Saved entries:
"""
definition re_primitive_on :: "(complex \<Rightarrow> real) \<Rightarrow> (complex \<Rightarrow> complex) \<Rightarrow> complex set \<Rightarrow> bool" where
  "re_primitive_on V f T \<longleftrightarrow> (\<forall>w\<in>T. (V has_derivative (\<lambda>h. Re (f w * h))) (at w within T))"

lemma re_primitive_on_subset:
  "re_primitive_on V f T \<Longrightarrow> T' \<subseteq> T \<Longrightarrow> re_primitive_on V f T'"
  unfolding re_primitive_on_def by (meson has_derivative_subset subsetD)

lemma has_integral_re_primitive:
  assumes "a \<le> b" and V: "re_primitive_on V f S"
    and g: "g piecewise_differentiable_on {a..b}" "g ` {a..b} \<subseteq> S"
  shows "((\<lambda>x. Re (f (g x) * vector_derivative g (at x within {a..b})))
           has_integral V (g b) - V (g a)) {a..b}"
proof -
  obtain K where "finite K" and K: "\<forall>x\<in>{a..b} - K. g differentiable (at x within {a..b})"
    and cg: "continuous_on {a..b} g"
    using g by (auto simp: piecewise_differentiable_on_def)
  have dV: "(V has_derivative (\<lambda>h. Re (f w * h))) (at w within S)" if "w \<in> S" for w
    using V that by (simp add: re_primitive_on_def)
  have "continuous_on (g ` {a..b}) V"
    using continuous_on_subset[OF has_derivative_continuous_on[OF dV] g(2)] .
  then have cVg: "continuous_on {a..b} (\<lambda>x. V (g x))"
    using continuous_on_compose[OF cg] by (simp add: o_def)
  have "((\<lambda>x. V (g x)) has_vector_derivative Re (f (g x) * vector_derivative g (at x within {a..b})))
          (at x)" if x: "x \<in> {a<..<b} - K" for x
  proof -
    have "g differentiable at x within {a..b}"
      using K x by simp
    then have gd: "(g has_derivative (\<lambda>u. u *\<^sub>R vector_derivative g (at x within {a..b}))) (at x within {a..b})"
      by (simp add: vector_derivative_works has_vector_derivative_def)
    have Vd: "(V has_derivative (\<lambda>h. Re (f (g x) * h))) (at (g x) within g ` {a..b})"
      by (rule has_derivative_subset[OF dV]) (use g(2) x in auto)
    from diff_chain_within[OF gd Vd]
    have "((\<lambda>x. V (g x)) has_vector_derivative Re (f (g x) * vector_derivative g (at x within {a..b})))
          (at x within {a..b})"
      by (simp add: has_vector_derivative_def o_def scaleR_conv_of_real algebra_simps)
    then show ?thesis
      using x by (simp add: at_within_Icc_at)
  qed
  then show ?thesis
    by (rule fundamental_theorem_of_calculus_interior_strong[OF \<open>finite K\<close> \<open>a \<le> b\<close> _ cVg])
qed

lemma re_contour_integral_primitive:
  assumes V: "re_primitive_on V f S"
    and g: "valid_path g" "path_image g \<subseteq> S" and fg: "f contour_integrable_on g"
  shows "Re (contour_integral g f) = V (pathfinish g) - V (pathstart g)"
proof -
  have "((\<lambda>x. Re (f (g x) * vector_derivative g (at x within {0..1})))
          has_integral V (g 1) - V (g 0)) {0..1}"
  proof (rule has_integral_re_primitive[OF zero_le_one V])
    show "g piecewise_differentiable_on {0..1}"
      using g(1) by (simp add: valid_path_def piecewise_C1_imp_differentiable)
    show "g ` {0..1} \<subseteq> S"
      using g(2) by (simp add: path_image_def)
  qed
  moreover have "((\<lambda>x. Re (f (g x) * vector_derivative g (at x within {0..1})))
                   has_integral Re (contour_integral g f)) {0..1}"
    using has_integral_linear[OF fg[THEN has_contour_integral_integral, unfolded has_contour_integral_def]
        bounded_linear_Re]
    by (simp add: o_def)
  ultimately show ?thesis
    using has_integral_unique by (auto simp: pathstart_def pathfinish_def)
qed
"""
** Problem **
Provide the count, and nothing else, of lines in the data above where the word "assumes" occurs.

** Written response **
2